Let’s take a look at what the latest M stock news could mean for dividend investors.

In today’s market, beating Wall Street’s earnings expectations can help boost a company’s investor appeal. And this time, Wall Street has some high expectations for the Cincinnati, Ohio-based department store giant.

For the first quarter of Macy’s fiscal-year 2018, analysts expect the company to earn a net income of $0.35 per share. This would represent a 45.8% increase from the $0.24 per share earned in the year-ago period. (Source: “Macy’s, Inc. (M),” Yahoo! Finance, last accessed May 10, 2018.)

The top-line number is expected to grow as well. On average, Wall Street projects Macy’s revenue to come in at $5.39 billion for the first quarter, a one-percent improvement from the first quarter of its fiscal 2017.

Over the past 12 months, Macy’s Inc has beaten analysts’ earnings per share (EPS) estimates in three of the four quarters.

First-Quarter 2018 M Stock Statistics

Estimated Earnings Per Share

$0.35

Change From Year-Ago Earnings Per Share

45.8%

Estimated Revenue

$5.39 Billion

Change From Year-Ago Revenue

1.0%

Earnings Beat in the Past 4 Quarters

3 Times

(Source: Ibid.)

Will Macy’s Stock Increase Its Dividend?

If you’ve been following the markets, you would know that the retail industry hasn’t been in the best of shape lately. As consumers have embraced online shopping, quite a few brick-and-mortar retailers have experienced slowing sales.

Macy’s Inc’s total sales in its fiscal-year 2017 came in at $24.8 billion, which was down 3.7% from fiscal-year 2016. Comparable sales, a critical measure of a retailer’s performance, declined 2.2% in 2017. (Source: “Macy’s, Inc. Reports Fourth Quarter and FY 2017 Earnings and Provides 2018 Guidance,” Macy’s Inc, February 27, 2018.)

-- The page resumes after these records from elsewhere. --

(* Let $K:\mathbb{Z}_{>0}\to\mathbb{Z}$ be the number of ordered factorizations, defined by $$K(n) = \varepsilon(n) + \sum_{d\mid n,\ d<n} K(d)\qquad (n\ge1),$$ and for a real (or complex) number $x$ let $\kappa_x$ be the recursive divisor function defined by $$\kappa_x(n) = n^x + \sum_{d \mid n,\ d<n} \kappa_x(d)\qquad (n\ge 1).$$ Then $\kappa_0 = \mathbf{1} * K$, i.e. $\kappa_0(n)=\sum_{d\mid n} K(d)$ for all $n\ge1$. Furthermore: 1. $K = (\varepsilon + \mathbf{1} * K)/2$; 2. $K = \dfrac{\varepsilon}{2} + \dfrac{\mathbf{1}}{2^2} + \dfrac{\mathbf{1}*\mathbf{1}}{2^3} + \cdots$, i.e. $K(n)=\sum_{k\ge0} 2^{-(k+1)}\mathbf{1}^{*k}(n)$ for every $n$, where $\mathbf{1}^{*k}$ is the $k$-fold Dirichlet convolution power of $\mathbf{1}$ (with $\mathbf{1}^{*0}=\varepsilon$); 3. $\kappa_x = \mathrm{id}_x * K$ for every $x$; 4. $K^{-1} = 2\varepsilon - \mathbf{1}$.
   Context: $K(n)$ equals the number of ways to write $n$ as an ordered product of integers greater than $1$ (with $K(1)=1$). Arithmetic functions are functions $\mathbb{Z}_{>0}\to\mathbb{C}$, added and scaled pointwise. $f*g$ denotes Dirichlet convolution, $(f*g)(n)=\sum_{d\mid n} f(d)g(n/d)$, and $f^{-1}$ denotes the Dirichlet inverse. Notation: $\varepsilon(n)=1$ if $n=1$ and $0$ otherwise; $\mathbf{1}(n)=1$ for all $n$; $\mathrm{id}_x(n)=n^x$; $\kappa_0$ is $\kappa_x$ with $x=0$. *)

theory Defs
  imports "HOL-Analysis.Complex_Transcendental"
begin

text \<open>Arithmetic functions are modelled as functions nat \<Rightarrow> complex; only their
  values at positive arguments are meaningful (value at 0 is irrelevant).\<close>

definition dconv :: "(nat \<Rightarrow> complex) \<Rightarrow> (nat \<Rightarrow> complex) \<Rightarrow> nat \<Rightarrow> complex"
  (infixl "\<star>" 70) where
  "dconv f g n = (\<Sum>d \<in> {d. d dvd n}. f d * g (n div d))"

definition eps :: "nat \<Rightarrow> complex" where
  "eps n = (if n = 1 then 1 else 0)"

definition one :: "nat \<Rightarrow> complex" where
  "one n = 1"

definition id_pow :: "complex \<Rightarrow> nat \<Rightarrow> complex" where
  "id_pow x n = (of_nat n :: complex) powr x"

definition is_dinverse :: "(nat \<Rightarrow> complex) \<Rightarrow> (nat \<Rightarrow> complex) \<Rightarrow> bool" where
  "is_dinverse f g \<longleftrightarrow> (\<forall>n>0. (f \<star> g) n = eps n)"

primrec dconv_pow :: "(nat \<Rightarrow> complex) \<Rightarrow> nat \<Rightarrow> nat \<Rightarrow> complex" where
  "dconv_pow f 0 = eps"
| "dconv_pow f (Suc k) = f \<star> dconv_pow f k"

function K :: "nat \<Rightarrow> int" where
  "K n = (if n = 0 then 0 else (if n = 1 then 1 else 0) + (\<Sum>d \<in> {d. d dvd n \<and> d < n}. K d))"
  by auto
termination
  by (relation "measure id") auto

function kappa :: "complex \<Rightarrow> nat \<Rightarrow> complex" where
  "kappa x n = (if n = 0 then 0 else (of_nat n :: complex) powr x + (\<Sum>d \<in> {d. d dvd n \<and> d < n}. kappa x d))"
  by auto
termination
  by (relation "measure snd") auto

definition Kc :: "nat \<Rightarrow> complex" where
  "Kc n = of_int (K n)"

end

theory Submission
  imports Defs
begin

text \<open>If \<open>f(n) = g(n) + \<Sum>{f(d) | d dvd n, d < n}\<close>, splitting off the divisor \<open>d = n\<close>
  gives \<open>f * \<one> = 2f - g\<close>, i.e. \<open>f * (2\<epsilon> - \<one>) = g\<close>. For \<open>f = K\<close>, \<open>g = \<epsilon>\<close> this makes
  \<open>2\<epsilon> - \<one>\<close> the Dirichlet inverse of \<open>K\<close>; convolving with \<open>K\<close> then yields \<open>f = g * K\<close>
  for every such \<open>f\<close>, in particular \<open>\<kappa>\<^sub>x = id\<^sub>x * K\<close>. Iterating \<open>K = (\<epsilon> + \<one> * K)/2\<close>
  gives \<open>K = \<Sum>{\<one>\<^sup>k/2\<^sup>k\<^sup>+\<^sup>1 | k < N} + (K * \<one>\<^sup>N)/2\<^sup>N\<close> (powers taken for \<open>*\<close>). All values
  involved are nonnegative integers, so the partial sums at \<open>m\<close> are bounded by \<open>K(m)\<close>;
  hence \<open>\<one>\<^sup>N(m)/2\<^sup>N \<longrightarrow> 0\<close> for every \<open>m\<close>, and with it the remainder.\<close>

lemma dconv_commute:
  assumes "n > 0" shows "(f \<star> g) n = (g \<star> f) n"
  unfolding dconv_def
  by (rule sum.reindex_bij_witness[where i="\<lambda>d. n div d" and j="\<lambda>d. n div d"])
     (use assms in \<open>auto simp: div_div_eq_right dvd_div_eq_0_iff\<close>)

lemma dconv_cong:
  assumes "n > 0" "\<And>m. m > 0 \<Longrightarrow> f m = f' m" "\<And>m. m > 0 \<Longrightarrow> g m = g' m"
  shows "(f \<star> g) n = (f' \<star> g') n"
  unfolding dconv_def using assms by (intro sum.cong) (auto simp: dvd_div_eq_0_iff)

lemma dconv_eps_right:
  assumes "n > 0" shows "(f \<star> eps) n = f n"
proof -
  have "(f \<star> eps) n = (\<Sum>d\<in>{d. d dvd n}. if d = n then f d else 0)"
    unfolding dconv_def eps_def using assms by (intro sum.cong) (auto simp: dvd_div_eq_mult)
  also have "\<dots> = f n" using assms by simp
  finally show ?thesis .
qed

lemma dconv_eps_left: "n > 0 \<Longrightarrow> (eps \<star> f) n = f n"
  using dconv_commute dconv_eps_right by metis

lemma dconv_linear_left:
  "((\<lambda>m. a * f m + b * g m) \<star> h) n = a * (f \<star> h) n + b * (g \<star> h) n"
  unfolding dconv_def by (simp add: sum.distrib sum_distrib_left algebra_simps)

lemma dconv_linear_right:
  "(f \<star> (\<lambda>m. a * g m + b * h m)) n = a * (f \<star> g) n + b * (f \<star> h) n"
  unfolding dconv_def by (simp add: sum.distrib sum_distrib_left algebra_simps)

lemma dconv_assoc:
  assumes "n > 0" shows "((f \<star> g) \<star> h) n = (f \<star> (g \<star> h)) n"
proof -
  let ?S = "Sigma {d. d dvd n} (\<lambda>d. {e. e dvd d})"
  let ?T = "Sigma {a. a dvd n} (\<lambda>a. {b. b dvd n div a})"
  have "((f \<star> g) \<star> h) n = (\<Sum>(d, e)\<in>?S. f e * g (d div e) * h (n div d))"
    unfolding dconv_def sum_distrib_right
    using assms by (subst sum.Sigma) (auto simp: dvd_div_eq_0_iff)
  also have "\<dots> = (\<Sum>(a, b)\<in>?T. f a * g b * h (n div a div b))"
  proof (rule sum.reindex_bij_witness[where i="\<lambda>(a, b). (a * b, a)" and j="\<lambda>(d, e). (e, d div e)"])
    fix p assume "p \<in> ?S"
    then obtain d e where de: "p = (d, e)" "e * (d div e) = d" "n div e div (d div e) = n div d"
      "e dvd n" "d div e dvd n div e"
      using assms by (auto elim!: dvdE simp: dvd_div_eq_0_iff)
    then show "(case (case p of (d, e) \<Rightarrow> (e, d div e)) of (a, b) \<Rightarrow> (a * b, a)) = p"
      "(case p of (d, e) \<Rightarrow> (e, d div e)) \<in> ?T"
      "(case (case p of (d, e) \<Rightarrow> (e, d div e)) of (a, b) \<Rightarrow> f a * g b * h (n div a div b)) =
        (case p of (d, e) \<Rightarrow> f e * g (d div e) * h (n div d))"
      by (auto simp: div_mult2_eq)
  next
    fix p assume "p \<in> ?T"
    then obtain a b where "p = (a, b)" "a > 0" "a * b dvd n"
      using assms by (auto elim!: dvdE simp: dvd_div_eq_0_iff)
    then show "(case (case p of (a, b) \<Rightarrow> (a * b, a)) of (d, e) \<Rightarrow> (e, d div e)) = p"
      "(case p of (a, b) \<Rightarrow> (a * b, a)) \<in> ?S"
      by auto
  qed
  also have "\<dots> = (f \<star> (g \<star> h)) n"
    unfolding dconv_def sum_distrib_left mult.assoc
    using assms by (subst sum.Sigma) (auto simp: dvd_div_eq_0_iff)
  finally show ?thesis .
qed

lemma sum_divisors_split_self:
  assumes "(n :: nat) > 0"
  shows "(\<Sum>d\<in>{d. d dvd n}. f d) = f n + (\<Sum>d\<in>{d. d dvd n \<and> d < n}. f d)"
proof -
  have "{d. d dvd n} = insert n {d. d dvd n \<and> d < n}"
    using assms by (auto dest: dvd_imp_le simp: order_le_less)
  then show ?thesis by simp
qed

lemma proper_divisor_rec_dconv_one:
  assumes rec: "\<And>m. m > 0 \<Longrightarrow> f m = g m + (\<Sum>d\<in>{d. d dvd m \<and> d < m}. f d)"
    and "n > 0"
  shows "(f \<star> one) n = 2 * f n - g n"
  using rec[OF \<open>n > 0\<close>] sum_divisors_split_self[OF \<open>n > 0\<close>, of f]
  unfolding dconv_def one_def by simp

lemma proper_divisor_rec_dconv_two_eps_minus_one:
  assumes rec: "\<And>m. m > 0 \<Longrightarrow> f m = g m + (\<Sum>d\<in>{d. d dvd m \<and> d < m}. f d)"
    and "n > 0"
  shows "(f \<star> (\<lambda>m. 2 * eps m - one m)) n = g n"
  using dconv_linear_right[of f 2 eps "-1" one n] dconv_eps_right[OF \<open>n > 0\<close>, of f]
    proper_divisor_rec_dconv_one[OF rec \<open>n > 0\<close>]
  by simp

lemma Kc_proper_divisor_rec: "n > 0 \<Longrightarrow> Kc n = eps n + (\<Sum>d\<in>{d. d dvd n \<and> d < n}. Kc d)"
  unfolding Kc_def eps_def by (subst K.simps) simp

lemma kappa_proper_divisor_rec:
  "n > 0 \<Longrightarrow> kappa x n = id_pow x n + (\<Sum>d\<in>{d. d dvd n \<and> d < n}. kappa x d)"
  unfolding id_pow_def by (subst kappa.simps) simp

lemma is_dinverse_Kc: "is_dinverse Kc (\<lambda>n. 2 * eps n - one n)"
  unfolding is_dinverse_def
  using proper_divisor_rec_dconv_two_eps_minus_one[OF Kc_proper_divisor_rec] by blast

lemma proper_divisor_rec_eq_dconv_Kc:
  assumes rec: "\<And>m. m > 0 \<Longrightarrow> f m = g m + (\<Sum>d\<in>{d. d dvd m \<and> d < m}. f d)"
    and "n > 0"
  shows "f n = (g \<star> Kc) n"
proof -
  have "f n = (f \<star> eps) n" using dconv_eps_right[OF \<open>n > 0\<close>] by simp
  also have "\<dots> = (f \<star> ((\<lambda>m. 2 * eps m - one m) \<star> Kc)) n"
    using is_dinverse_Kc dconv_commute unfolding is_dinverse_def
    by (intro dconv_cong \<open>n > 0\<close>) metis+
  also have "\<dots> = ((f \<star> (\<lambda>m. 2 * eps m - one m)) \<star> Kc) n"
    using dconv_assoc[OF \<open>n > 0\<close>] by simp
  also have "\<dots> = (g \<star> Kc) n"
    using proper_divisor_rec_dconv_two_eps_minus_one[OF rec] by (intro dconv_cong \<open>n > 0\<close>) auto
  finally show ?thesis .
qed

lemma kappa_eq_id_pow_dconv_Kc: "n > 0 \<Longrightarrow> kappa x n = (id_pow x \<star> Kc) n"
  by (rule proper_divisor_rec_eq_dconv_Kc[OF kappa_proper_divisor_rec[of _ x]])

lemma Kc_dconv_dconv_pow_one_Suc:
  assumes "n > 0"
  shows "(Kc \<star> dconv_pow one (Suc N)) n = 2 * (Kc \<star> dconv_pow one N) n - dconv_pow one N n"
proof -
  have "(Kc \<star> dconv_pow one (Suc N)) n = ((Kc \<star> one) \<star> dconv_pow one N) n"
    using dconv_assoc[OF assms] by simp
  also have "\<dots> = ((\<lambda>m. 2 * Kc m + (-1) * eps m) \<star> dconv_pow one N) n"
    using proper_divisor_rec_dconv_one[OF Kc_proper_divisor_rec] by (intro dconv_cong assms) auto
  also have "\<dots> = 2 * (Kc \<star> dconv_pow one N) n - dconv_pow one N n"
    using dconv_linear_left[of 2 Kc "-1" eps] dconv_eps_left[OF assms] by simp
  finally show ?thesis .
qed

lemma Kc_eq_partial_sum_plus_remainder:
  assumes "n > 0"
  shows "Kc n = (\<Sum>k<N. dconv_pow one k n / 2 ^ (k + 1)) + (Kc \<star> dconv_pow one N) n / 2 ^ N"
proof (induction N)
  case 0
  then show ?case using dconv_eps_right[OF assms] by simp
next
  case (Suc N)
  have "(Kc \<star> dconv_pow one N) n / 2 ^ N
      = dconv_pow one N n / 2 ^ (N + 1) + (Kc \<star> dconv_pow one (Suc N)) n / 2 ^ Suc N"
    unfolding Kc_dconv_dconv_pow_one_Suc[OF assms] by (simp add: field_simps)
  with Suc.IH show ?case by simp
qed

lemma Nats_sum: "(\<And>x. x \<in> A \<Longrightarrow> f x \<in> \<nat>) \<Longrightarrow> sum f A \<in> \<nat>"
  by (induction A rule: infinite_finite_induct) auto

lemma dconv_Nats: "(\<And>m. f m \<in> \<nat>) \<Longrightarrow> (\<And>m. g m \<in> \<nat>) \<Longrightarrow> (f \<star> g) n \<in> \<nat>"
  unfolding dconv_def by (intro Nats_sum Nats_mult) auto

lemma dconv_pow_Nats: "(\<And>m. f m \<in> \<nat>) \<Longrightarrow> dconv_pow f k n \<in> \<nat>"
  by (induction k arbitrary: n) (auto simp: eps_def intro: dconv_Nats)

lemma Kc_Nats: "Kc n \<in> \<nat>"
proof (induction n rule: less_induct)
  case (less n)
  then show ?case
    using Kc_proper_divisor_rec[of n] by (cases "n = 0") (auto simp: Kc_def eps_def intro!: Nats_sum)
qed

lemma Nats_complex_Re: "(z :: complex) \<in> \<nat> \<Longrightarrow> Re z \<ge> 0 \<and> norm z = Re z"
  by (auto elim!: Nats_cases)

lemma dconv_pow_one_div_power_tendsto_0:
  assumes "m > 0"
  shows "(\<lambda>N. dconv_pow one N m / 2 ^ N) \<longlonglongrightarrow> 0"
proof -
  define c where "c k = Re (dconv_pow one k m)" for k
  have c: "c k \<ge> 0" "norm (dconv_pow one k m) = c k" for k
    unfolding c_def using Nats_complex_Re[OF dconv_pow_Nats] by (auto simp: one_def)
  have bounded: "(\<Sum>k<N. c k / 2 ^ (k + 1)) \<le> Re (Kc m)" for N
  proof -
    have "Re (Kc m) = (\<Sum>k<N. c k / 2 ^ (k + 1)) + Re ((Kc \<star> dconv_pow one N) m) / 2 ^ N"
      unfolding c_def by (subst Kc_eq_partial_sum_plus_remainder[OF assms, of N]) simp
    moreover have "Re ((Kc \<star> dconv_pow one N) m) \<ge> 0"
      using Nats_complex_Re[OF dconv_Nats[OF Kc_Nats dconv_pow_Nats]] by (auto simp: one_def)
    ultimately show ?thesis by simp
  qed
  have "summable (\<lambda>k. c k / 2 ^ (k + 1))"
    using c bounded by (intro summableI_nonneg_bounded) auto
  then have "(\<lambda>k. 2 * (c k / 2 ^ (k + 1))) \<longlonglongrightarrow> 0"
    by (intro tendsto_mult_right_zero summable_LIMSEQ_zero)
  then have "(\<lambda>k. norm (dconv_pow one k m / 2 ^ k)) \<longlonglongrightarrow> 0"
    by (simp add: c norm_divide norm_power)
  then show ?thesis by (rule tendsto_norm_zero_cancel)
qed

lemma Kc_sums_dconv_pow_one:
  assumes "n > 0"
  shows "(\<lambda>k. dconv_pow one k n / 2 ^ (k + 1)) sums Kc n"
proof -
  have "(\<lambda>N. \<Sum>d\<in>{d. d dvd n}. Kc d * (dconv_pow one N (n div d) / 2 ^ N))
      \<longlonglongrightarrow> (\<Sum>d\<in>{d. d dvd n}. Kc d * 0)"
    using assms
    by (intro tendsto_sum tendsto_mult tendsto_const dconv_pow_one_div_power_tendsto_0)
       (auto simp: dvd_div_eq_0_iff)
  then have "(\<lambda>N. (Kc \<star> dconv_pow one N) n / 2 ^ N) \<longlonglongrightarrow> 0"
    by (simp add: dconv_def sum_divide_distrib)
  then have "(\<lambda>N. Kc n - (Kc \<star> dconv_pow one N) n / 2 ^ N) \<longlonglongrightarrow> Kc n - 0"
    by (intro tendsto_diff tendsto_const)
  moreover have "Kc n - (Kc \<star> dconv_pow one N) n / 2 ^ N = (\<Sum>k<N. dconv_pow one k n / 2 ^ (k + 1))"
    for N using Kc_eq_partial_sum_plus_remainder[OF assms, of N] by simp
  ultimately show ?thesis
    unfolding sums_def by simp
qed

theorem theorem3:
  shows "(\<forall>n>0. kappa 0 n = (one \<star> Kc) n)
    \<and> (\<forall>n>0. Kc n = (eps n + (one \<star> Kc) n) / 2)
    \<and> (\<forall>n>0. (\<lambda>k. dconv_pow one k n / 2 ^ (k + 1)) sums Kc n)
    \<and> (\<forall>x. \<forall>n>0. kappa x n = (id_pow x \<star> Kc) n)
    \<and> is_dinverse Kc (\<lambda>n. 2 * eps n - one n)"
proof (intro conjI allI impI)
  fix n :: nat assume "n > 0"
  have "kappa 0 n = (id_pow 0 \<star> Kc) n"
    using \<open>n > 0\<close> by (rule kappa_eq_id_pow_dconv_Kc)
  also have "\<dots> = (one \<star> Kc) n"
    using \<open>n > 0\<close> by (intro dconv_cong) (auto simp: id_pow_def one_def)
  finally show "kappa 0 n = (one \<star> Kc) n" .
next
  fix n :: nat assume "n > 0"
  then show "Kc n = (eps n + (one \<star> Kc) n) / 2"
    using proper_divisor_rec_dconv_one[OF Kc_proper_divisor_rec] dconv_commute by simp
next
  fix n :: nat assume "n > 0"
  then show "(\<lambda>k. dconv_pow one k n / 2 ^ (k + 1)) sums Kc n"
    by (rule Kc_sums_dconv_pow_one)
next
  fix x and n :: nat assume "n > 0"
  then show "kappa x n = (id_pow x \<star> Kc) n"
    by (rule kappa_eq_id_pow_dconv_Kc)
qed (fact is_dinverse_Kc)

end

However, the company’s dividends remained solid. In fiscal-year 2017, Macy’s generated adjusted earnings of $3.77 per diluted share. Considering that the company declared total dividends of $1.51 per share for the year, it had a payout ratio of just over 40%.

Despite M stock’s conservative payout ratio, investors have been concerned about its dividend safety. The reason is that, if business continues to decline, there could be a payout cut at some point down the road.

However, if the company delivers on Wall Street’s anticipated earnings growth, it would have a good chance of covering its payout in full-year fiscal 2018.  Based on its current financials, the company will likely maintain its current quarterly dividend rate.

Trading at around $29.40 apiece, M stock has an annual dividend yield of 5.1%.